Saturday, November 8, 2014 : 9:30 AM
Enchantment Ballroom B (Hyatt)

*Names in bold indicate Presenter

Karen Needels, Mathematica Policy Research
The recession that began in late 2007 has posed major challenges for the U.S. labor market, including a high unemployment rate and a steep increase in unemployment durations. The American Recovery and Reinvestment Act (ARRA) of 2009 was part of the federal policy response to the recession and the lingering weak labor market. ARRA included financial inducements to encourage states to adopt several provisions intended to increase the recipiency of unemployment benefits among the unemployed. These inducements included 100 percent federal funding of most of the benefits paid through the Extended Benefits (EB) program and so-called modernization provisions aimed to revise and update states’ unemployment benefit programs. The U.S. Department of Labor offered financial incentives of $7 billion to states to implement the modernization provisions.

Despite the considerable financial incentives offered to states to adopt these provisions, not all of the states adopted them. This study set out to explore the factors states considered when deciding whether to adopt each of the policies. Our goal was to determine which factors were considered most strongly, how the incentives factored into the decision to adopt, and what this might imply for future federal efforts to incentivize states to change their UC systems.

To conduct the analysis, we relied primarily on two types of data: (1) responses to a survey we administered to the UI Administrators in 50 states and the District of Columbia and (2) national and state data available from public sources. The study produced two main findings indicating that increased federal financing and the use of incentive funds encouraged the adoption of the UC-related provisions of ARRA. First, the 100 percent federal financing of most EB benefits spurred adoption of the TUR trigger for EB—which is generally considered an “easier” way to trigger onto EB—in almost all of the states that would have qualified for the EB program using this trigger. Only 10 responding states did not adopt or already have in place the TUR trigger, and five of those responded in the survey that they had such low unemployment rates that EB would not have been activated even under a TUR trigger. Among the other five, there were some indications that philosophical objections played a role in the decision not to adopt the trigger.

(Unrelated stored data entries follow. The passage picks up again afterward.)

(* Let $w \in S_n$ with Lehmer code $L(w) = (L_1,\dots,L_n)$. If there is an index $i$ with $L_i - L_{i+1} \ge 2$, then the Schubert polynomial $\mathfrak{S}_w$ is not a standard elementary monomial.
   Context: The Lehmer code of $w$ is given by $L_i = |\{j > i : w(j) < w(i)\}|$. $e^i_j$ is the elementary symmetric polynomial of degree $j$ in $x_1,\dots,x_i$; a standard elementary monomial is a product $e^1_{a_1}e^2_{a_2}\cdots$ with nonnegative integers $a_i$, finitely many nonzero. Schubert polynomials: $\mathfrak{S}_{w_0} = x_1^{n-1}\cdots x_{n-1}$ for the longest $w_0 \in S_n$, and $\partial_i\mathfrak{S}_w = \mathfrak{S}_{ws_i}$ if $\ell(ws_i)=\ell(w)-1$, $0$ otherwise, where $\partial_i f = (f-s_if)/(x_i-x_{i+1})$. *)

theory Defs
  imports "HOL-Library.Poly_Mapping" "HOL-Combinatorics.Permutations" "HOL-Combinatorics.Transposition"
begin

text \<open>Polynomials with integer coefficients in the variables x_1, x_2, ...
  (variable x_i is indexed by the natural number i; index 0 is unused).
  A monomial is a finitely supported exponent vector.\<close>
type_synonym mpoly = "(nat \<Rightarrow>\<^sub>0 nat) \<Rightarrow>\<^sub>0 int"

definition Var :: "nat \<Rightarrow> mpoly" where
  "Var i = Poly_Mapping.single (Poly_Mapping.single i 1) 1"

definition mswap :: "nat \<Rightarrow> (nat \<Rightarrow>\<^sub>0 nat) \<Rightarrow> (nat \<Rightarrow>\<^sub>0 nat)" where
  "mswap i m = Poly_Mapping.map_key (transpose i (Suc i)) m"

definition sswap :: "nat \<Rightarrow> mpoly \<Rightarrow> mpoly" where
  "sswap i p = (\<Sum>m\<in>Poly_Mapping.keys p. Poly_Mapping.single (mswap i m) (Poly_Mapping.lookup p m))"

definition ddiff :: "nat \<Rightarrow> mpoly \<Rightarrow> mpoly" where
  "ddiff i f = (THE q. (Var i - Var (Suc i)) * q = f - sswap i f)"

text \<open>Permutations in S_n are permutations of {1..n}.\<close>
definition perm_length :: "nat \<Rightarrow> (nat \<Rightarrow> nat) \<Rightarrow> nat" where
  "perm_length n w = card {(i, j). 1 \<le> i \<and> i < j \<and> j \<le> n \<and> w j < w i}"

definition lehmer :: "nat \<Rightarrow> (nat \<Rightarrow> nat) \<Rightarrow> nat \<Rightarrow> nat" where
  "lehmer n w i = card {j. i < j \<and> j \<le> n \<and> w j < w i}"

definition longest :: "nat \<Rightarrow> nat \<Rightarrow> nat" where
  "longest n i = (if 1 \<le> i \<and> i \<le> n then n + 1 - i else i)"

definition schubert_family :: "nat \<Rightarrow> ((nat \<Rightarrow> nat) \<Rightarrow> mpoly) \<Rightarrow> bool" where
  "schubert_family n S \<longleftrightarrow>
     S (longest n) = (\<Prod>i\<in>{1..n}. Var i ^ (n - i)) \<and>
     (\<forall>w i. w permutes {1..n} \<longrightarrow> 1 \<le> i \<longrightarrow> i < n \<longrightarrow>
        ddiff i (S w) =
          (if perm_length n (w \<circ> transpose i (Suc i)) + 1 = perm_length n w
           then S (w \<circ> transpose i (Suc i)) else 0))"

definition schubert :: "nat \<Rightarrow> (nat \<Rightarrow> nat) \<Rightarrow> mpoly" where
  "schubert n w = (THE p. \<exists>S. schubert_family n S \<and> S w = p)"

definition elem :: "nat \<Rightarrow> nat \<Rightarrow> mpoly" where
  "elem i j = (\<Sum>T\<in>{T. T \<subseteq> {1..i} \<and> card T = j}. \<Prod>t\<in>T. Var t)"

definition std_elem_monomial :: "mpoly \<Rightarrow> bool" where
  "std_elem_monomial p \<longleftrightarrow> (\<exists>(a :: nat \<Rightarrow> nat) k. p = (\<Prod>i\<in>{1..k}. elem i (a i)))"

end

theory Submission
  imports Defs
begin

text \<open>
  Compare exponent vectors lexicographically starting from the last variable. Then the leading
  monomial of \<open>\<SS>\<^sub>w\<close> is \<open>x\<^bsup>L(w)\<^esup>\<close>, with coefficient 1. This holds for the longest
  permutation, and if \<open>r\<close> is the last ascent of \<open>w\<close>, then \<open>\<SS>\<^sub>w = \<partial>\<^sub>r \<SS>\<^bsub>w s_r\<^esub>\<close>,
  where the exponents of the leading monomial of \<open>\<SS>\<^bsub>w s_r\<^esub>\<close> at the positions \<open>r\<close> and
  beyond \<open>r + 1\<close> are as large as any exponent of a Schubert polynomial can be. This pins down
  the leading monomial of \<open>\<partial>\<^sub>r\<close> applied to it, and that monomial is \<open>x\<^bsup>L(w)\<^esup>\<close>.

  The leading monomial of \<open>e\<^sup>k\<^sub>j\<close> is \<open>x\<^bsub>k-j+1\<^esub> \<cdots> x\<^sub>k\<close>. So the exponent of \<open>x\<^sub>i\<close> in the leading
  monomial of \<open>\<Prod>\<^sub>k e\<^sup>k\<^bsub>a_k\<^esub>\<close> counts the intervals \<open>(k - a\<^sub>k, k]\<close> containing \<open>i\<close>.
  Every such interval, except one ending at \<open>i\<close>, also contains \<open>i + 1\<close>, so this count drops
  by at most one from \<open>i\<close> to \<open>i + 1\<close>.

  As \<open>schubert\<close> is a definite description, the defining conditions must first be shown to
  have a solution: define \<open>\<SS>\<close> by recursion along the least ascent, and derive the recursion
  at every other ascent from the commutation and braid relations of divided differences.
\<close>

abbreviation monom :: "(nat \<Rightarrow>\<^sub>0 nat) \<Rightarrow> mpoly" where
  "monom m \<equiv> Poly_Mapping.single m 1"

abbreviation adj :: "nat \<Rightarrow> nat \<Rightarrow> nat" where
  "adj i \<equiv> transpose i (Suc i)"

section \<open>Swapping variables and divided differences\<close>

lemma lookup_mswap: "Poly_Mapping.lookup (mswap i m) k = Poly_Mapping.lookup m (adj i k)"
  by (simp add: mswap_def map_key.rep_eq inj_transpose)

lemma mswap_mswap [simp]: "mswap i (mswap i m) = m"
  by (rule poly_mapping_eqI) (simp add: lookup_mswap)

lemma mswap_add: "mswap i (a + b) = mswap i a + mswap i b"
  by (rule poly_mapping_eqI) (simp add: lookup_mswap lookup_add)

lemma mswap_single: "mswap i (Poly_Mapping.single k e) = Poly_Mapping.single (adj i k) e"
  by (rule poly_mapping_eqI) (auto simp: lookup_mswap lookup_single when_def transpose_eq_iff)

lemma mswap_commute: "Suc (Suc i) \<le> j \<Longrightarrow> mswap i (mswap j m) = mswap j (mswap i m)"
  by (rule poly_mapping_eqI) (simp add: lookup_mswap transpose_def)

lemma mswap_braid: "mswap i (mswap (Suc i) (mswap i m)) = mswap (Suc i) (mswap i (mswap (Suc i) m))"
  by (rule poly_mapping_eqI) (simp add: lookup_mswap transpose_def)

lemma sum_single_lookup: "(\<Sum>m\<in>Poly_Mapping.keys p. Poly_Mapping.single m (Poly_Mapping.lookup p m)) = p"
proof (rule poly_mapping_eqI)
  fix k
  have "Poly_Mapping.lookup (\<Sum>m\<in>Poly_Mapping.keys p. Poly_Mapping.single m (Poly_Mapping.lookup p m)) k
      = (\<Sum>m\<in>Poly_Mapping.keys p. if m = k then Poly_Mapping.lookup p m else 0)"
    by (simp add: lookup_sum lookup_single when_def)
  then show "Poly_Mapping.lookup (\<Sum>m\<in>Poly_Mapping.keys p. Poly_Mapping.single m (Poly_Mapping.lookup p m)) k
      = Poly_Mapping.lookup p k"
    by (simp add: in_keys_iff)
qed

lemma lookup_sswap: "Poly_Mapping.lookup (sswap i p) m = Poly_Mapping.lookup p (mswap i m)"
proof -
  have "Poly_Mapping.lookup (sswap i p) m =
      (\<Sum>x\<in>Poly_Mapping.keys p. if x = mswap i m then Poly_Mapping.lookup p x else 0)"
    unfolding sswap_def lookup_sum by (rule sum.cong) (auto simp: lookup_single when_def)
  then show ?thesis
    by (simp add: in_keys_iff)
qed

lemma sswap_zero [simp]: "sswap i 0 = 0"
  by (simp add: sswap_def)

lemma sswap_diff: "sswap i (p - q) = sswap i p - sswap i q"
  by (rule poly_mapping_eqI) (simp add: lookup_sswap lookup_minus)

lemma sswap_sum: "sswap i (sum f A) = (\<Sum>a\<in>A. sswap i (f a))"
  by (rule poly_mapping_eqI) (simp add: lookup_sswap lookup_sum)

lemma sswap_single: "sswap i (Poly_Mapping.single m c) = Poly_Mapping.single (mswap i m) c"
  by (rule poly_mapping_eqI) (auto simp: lookup_sswap lookup_single when_def)

lemma sswap_sswap [simp]: "sswap i (sswap i p) = p"
  by (rule poly_mapping_eqI) (simp add: lookup_sswap)

lemma sswap_mult: "sswap i (p * q) = sswap i p * sswap i q"
proof -
  let ?t = "\<lambda>f m. Poly_Mapping.single m (Poly_Mapping.lookup f m)"
  have expand: "p * q = (\<Sum>a\<in>Poly_Mapping.keys p. \<Sum>b\<in>Poly_Mapping.keys q. ?t p a * ?t q b)"
    by (subst (1) sum_single_lookup[symmetric, of p], subst (1) sum_single_lookup[symmetric, of q])
      (simp add: sum_product)
  have "sswap i (p * q) =
      (\<Sum>a\<in>Poly_Mapping.keys p. \<Sum>b\<in>Poly_Mapping.keys q. sswap i (?t p a) * sswap i (?t q b))"
    unfolding expand sswap_sum by (simp add: mult_single sswap_single mswap_add)
  also have "\<dots> = sswap i p * sswap i q"
    by (subst (3) sum_single_lookup[symmetric, of p], subst (3) sum_single_lookup[symmetric, of q])
      (simp add: sum_product sswap_sum)
  finally show ?thesis .
qed

lemma sswap_Var: "sswap i (Var k) = Var (adj i k)"
  by (simp add: Var_def sswap_single mswap_single)

lemma Var_diff_Suc_neq_zero: "Var i - Var (Suc i) \<noteq> 0"
proof
  assume "Var i - Var (Suc i) = 0"
  then have "Poly_Mapping.single i (1::nat) = Poly_Mapping.single (Suc i) 1"
    unfolding Var_def by (metis eq_iff_diff_eq_0 lookup_single_eq lookup_single_not_eq zero_neq_one)
  then show False
    by (metis lookup_single_eq lookup_single_not_eq n_not_Suc_n zero_neq_one)
qed

definition update_exps :: "nat \<Rightarrow> (nat \<Rightarrow>\<^sub>0 nat) \<Rightarrow> nat \<Rightarrow> nat \<Rightarrow> (nat \<Rightarrow>\<^sub>0 nat)" where
  "update_exps i m x y = Poly_Mapping.update i x (Poly_Mapping.update (Suc i) y m)"

lemma lookup_update_exps:
  "Poly_Mapping.lookup (update_exps i m x y) k =
     (if k = i then x else if k = Suc i then y else Poly_Mapping.lookup m k)"
  by (simp add: update_exps_def Poly_Mapping.lookup_update)

lemma update_exps_lookup_self:
  "update_exps i m (Poly_Mapping.lookup m i) (Poly_Mapping.lookup m (Suc i)) = m"
  by (rule poly_mapping_eqI) (auto simp: lookup_update_exps)

lemma mswap_eq_update_exps:
  "mswap i m = update_exps i m (Poly_Mapping.lookup m (Suc i)) (Poly_Mapping.lookup m i)"
  by (rule poly_mapping_eqI) (auto simp: lookup_update_exps lookup_mswap transpose_def)

lemma Var_power: "Var k ^ e = monom (Poly_Mapping.single k e)"
  by (induction e) (simp_all add: Var_def mult_single single_add[symmetric])

lemma prod_monom: "finite A \<Longrightarrow> (\<Prod>i\<in>A. monom (g i)) = monom (\<Sum>i\<in>A. g i)"
  by (induction A rule: finite_induct) (simp_all add: mult_single)

lemma monom_update_exps:
  "monom (update_exps i m x y) = monom (update_exps i m 0 0) * Var i ^ x * Var (Suc i) ^ y"
proof -
  have "update_exps i m x y = update_exps i m 0 0 + Poly_Mapping.single i x + Poly_Mapping.single (Suc i) y"
    by (rule poly_mapping_eqI) (auto simp: lookup_update_exps lookup_add lookup_single when_def)
  then show ?thesis
    by (simp add: mult_single Var_power)
qed

text \<open>For \<open>r \<le> s\<close>, \<open>ddiff_chain i m r s\<close> is the quotient of
  \<open>x\<^sub>i\<^sup>s x\<^bsub>i+1\<^esub>\<^sup>r - x\<^sub>i\<^sup>r x\<^bsub>i+1\<^esub>\<^sup>s\<close> by \<open>x\<^sub>i - x\<^bsub>i+1\<^esub>\<close>,
  all other exponents being those of \<open>m\<close>.\<close>

definition ddiff_chain :: "nat \<Rightarrow> (nat \<Rightarrow>\<^sub>0 nat) \<Rightarrow> nat \<Rightarrow> nat \<Rightarrow> mpoly" where
  "ddiff_chain i m r s = (\<Sum>j<s - r. monom (update_exps i m (r + j) (s - Suc j)))"

lemma Var_diff_mult_ddiff_chain:
  assumes "r \<le> s"
  shows "(Var i - Var (Suc i)) * ddiff_chain i m r s =
    monom (update_exps i m s r) - monom (update_exps i m r s)"
proof -
  define U a b d where "U = monom (update_exps i m 0 0)" and "a = Var i"
    and "b = Var (Suc i)" and "d = s - r"
  have s: "s = r + d"
    using assms by (simp add: d_def)
  have "ddiff_chain i m r s = (\<Sum>j<d. U * (a * b) ^ r * (a ^ j * b ^ (d - Suc j)))"
    unfolding ddiff_chain_def d_def[symmetric]
  proof (rule sum.cong)
    fix j assume "j \<in> {..<d}"
    then have "s - Suc j = r + (d - Suc j)"
      by (simp add: s)
    then show "monom (update_exps i m (r + j) (s - Suc j)) = U * (a * b) ^ r * (a ^ j * b ^ (d - Suc j))"
      unfolding monom_update_exps[of i m "r + j"] U_def[symmetric] a_def[symmetric] b_def[symmetric]
      by (simp add: power_add power_mult_distrib mult_ac)
  qed simp
  also have "\<dots> = U * (a * b) ^ r * (\<Sum>j<d. b ^ (d - Suc j) * a ^ j)"
    by (simp add: sum_distrib_left mult_ac)
  finally have "(a - b) * ddiff_chain i m r s = U * (a * b) ^ r * (a ^ d - b ^ d)"
    by (simp add: power_diff_sumr2 mult_ac)
  also have "\<dots> = U * a ^ s * b ^ r - U * a ^ r * b ^ s"
    by (simp add: s power_add power_mult_distrib right_diff_distrib mult_ac)
  finally show ?thesis
    unfolding monom_update_exps[of i m s] monom_update_exps[of i m r] U_def a_def b_def .
qed

definition ddiff_monom :: "nat \<Rightarrow> (nat \<Rightarrow>\<^sub>0 nat) \<Rightarrow> mpoly" where
  "ddiff_monom i m =
    (let p = Poly_Mapping.lookup m i; q = Poly_Mapping.lookup m (Suc i)
     in if q \<le> p then ddiff_chain i m q p else - ddiff_chain i m p q)"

Second, the federal modernization incentive funds spurred states’ adoption of the modernization provisions. The survey responses, combined with information on the size of each state’s potential incentive payment, indicated that, for the most part, states for whom the incentive payments exceeded the estimated costs of enacting the modernization provisions did adopt the provisions. Survey responses also indicated that philosophical objections were of little importance for adopting and non-adopting states; an in-depth analysis of non-adopters for each of the provisions indicated that anticipated costs were the primary factors against adopting the policies. Supplementary analyses indicated little support for the hypothesis that political considerations factored heavily in the decision to adopt the modernization provisions.